The Philippines, locked in disputes with China over several islands and reefs, proclaimed in 2012 that part of the South China Sea would henceforth be called the West Philippine Sea.
For Japan, it was the act of naming the 158 islands last week that mattered, not the actual names. Now most of the 500 islands used to define the extent of Japan’s territorial waters have been named.
“It’s a rather unique mega-naming gambit to lay claim to uninhabited islands, reflecting Tokyo’s concern that Beijing might name and claim for itself,” said Jeff Kingston, a professor of contemporary Japan at Temple University’s campus in Tokyo.
Most of the islands are tiny outcroppings whose one requirement is that their highest point remains above water at high tide. About half of them had names used by fishermen and others, and the government adopted those as the official ones. The others, mainly in more remote waters, were given generic directional names such as Southeast Small Island, indicating their location relative to other geographic features.
The exercise has brought to light some unusual names.
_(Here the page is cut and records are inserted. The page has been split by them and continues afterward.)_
(* Let $K_n$ ($n\ge1$) and $K$ be unconstrained Sierpinski carpets with the same $k,N$, and assume $K_n\to K$ in the Hausdorff metric. Then $\mu_n\Rightarrow\mu$ weakly on $(\square,d)$, where $\mu_n$, $\mu$ are the normalized Hausdorff measures on $K_n$, $K$ and $d$ is the Euclidean metric.
   Context: USC: integers $k\ge3$, $4(k-1)\le N\le k^2-1$; maps $\Psi_i(x)=x/k+c_i$ on $\square=[0,1]^2$ with pairwise intersections of the $\Psi_i(\square)$ a segment, point or empty, $\bigcup_i\Psi_i(\square)$ connected and invariant under the 8 isometries of $\square$, $[0,1]\times\{0\}\subset\bigcup_i\Psi_i(\square)\subset\square$; $K=\bigcup_i\Psi_iK$. The normalized Hausdorff measure of $K$ is the unique probability measure $\mu$ with $\mu=\frac1N\sum_{i=1}^N\mu\circ\Psi_i^{-1}$. *)

theory Defs
  imports "HOL-Analysis.Analysis" "HOL-Probability.Probability"
begin

text \<open>The unit square, as a subset of the Euclidean plane \<open>real \<times> real\<close>
  (whose \<open>dist\<close> is the Euclidean metric).\<close>
definition usq :: "(real \<times> real) set" where
  "usq = {0..1} \<times> {0..1}"

definition hausdorff_dist :: "(real \<times> real) set \<Rightarrow> (real \<times> real) set \<Rightarrow> real" where
  "hausdorff_dist A B = max (SUP a\<in>A. infdist a B) (SUP b\<in>B. infdist b A)"

definition usc_map :: "nat \<Rightarrow> (nat \<Rightarrow> real \<times> real) \<Rightarrow> nat \<Rightarrow> real \<times> real \<Rightarrow> real \<times> real" where
  "usc_map k c i x = (1 / real k) *\<^sub>R x + c i"

definition square_isometries :: "((real \<times> real) \<Rightarrow> (real \<times> real)) set" where
  "square_isometries =
     {\<lambda>(x,y). (x,y), \<lambda>(x,y). (1-x,y), \<lambda>(x,y). (x,1-y), \<lambda>(x,y). (1-x,1-y),
      \<lambda>(x,y). (y,x), \<lambda>(x,y). (1-y,x), \<lambda>(x,y). (y,1-x), \<lambda>(x,y). (1-y,1-x)}"

text \<open>Admissible data \<open>(k, N, c_1..c_N)\<close> of an unconstrained Sierpinski carpet
  (maps indexed by \<open>i < N\<close>).\<close>
definition usc_data :: "nat \<Rightarrow> nat \<Rightarrow> (nat \<Rightarrow> real \<times> real) \<Rightarrow> bool" where
  "usc_data k N c \<longleftrightarrow>
     k \<ge> 3 \<and> 4 * (k - 1) \<le> N \<and> N \<le> k\<^sup>2 - 1 \<and>
     (\<forall>i<N. \<forall>j<N. i \<noteq> j \<longrightarrow>
        usc_map k c i ` usq \<inter> usc_map k c j ` usq = {} \<or>
        (\<exists>a b. usc_map k c i ` usq \<inter> usc_map k c j ` usq = closed_segment a b)) \<and>
     connected (\<Union>i<N. usc_map k c i ` usq) \<and>
     (\<forall>g\<in>square_isometries. g ` (\<Union>i<N. usc_map k c i ` usq) = (\<Union>i<N. usc_map k c i ` usq)) \<and>
     {0..1} \<times> {0} \<subseteq> (\<Union>i<N. usc_map k c i ` usq) \<and>
     (\<Union>i<N. usc_map k c i ` usq) \<subseteq> usq"

text \<open>\<open>K\<close> is the USC (attractor: the unique nonempty compact set with
  \<open>K = \<Union>_i \<Psi>_i K\<close>) generated by the data \<open>(k, N, c)\<close>.\<close>
definition usc :: "nat \<Rightarrow> nat \<Rightarrow> (nat \<Rightarrow> real \<times> real) \<Rightarrow> (real \<times> real) set \<Rightarrow> bool" where
  "usc k N c K \<longleftrightarrow> usc_data k N c \<and> compact K \<and> K \<noteq> {} \<and>
     K = (\<Union>i<N. usc_map k c i ` K)"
An island off the Pacific coast in western Japan is called Soviet Island, though it is nowhere near Russia.
The island, which sits about 500m offshore, is a popular fishing ground. Toshio Horitani, an official in Susami, the nearest town, described it as the size of a living room, and said people can stand on it when the water is calm. There is no record of how it got its name.
“I believe people meant it’s so far away, like [the] Soviet [Union], because it’s the furthest from the shore,” said Horitani, who has been fielding calls from journalists asking about the name’s origins.
Name changes can cause diplomatic angst. The then-military government changed Burma to Myanmar in 1989, but the US still refers to it in official documents as Burma, a name preferred by some in the Southeast Asian country’s opposition. On a visit in late 2012, US President Barack Obama used “Myanmar” when talking to the president, but “Burma” in a meeting with opposition leader Aung San Suu Kyi.
“We’ve said we recognize that different people call this country by different names,” US Deputy National Security Adviser Ben Rhodes told reporters afterward. “Our view is that it is something we can continue to discuss.”
As elsewhere in the world, the debate goes on.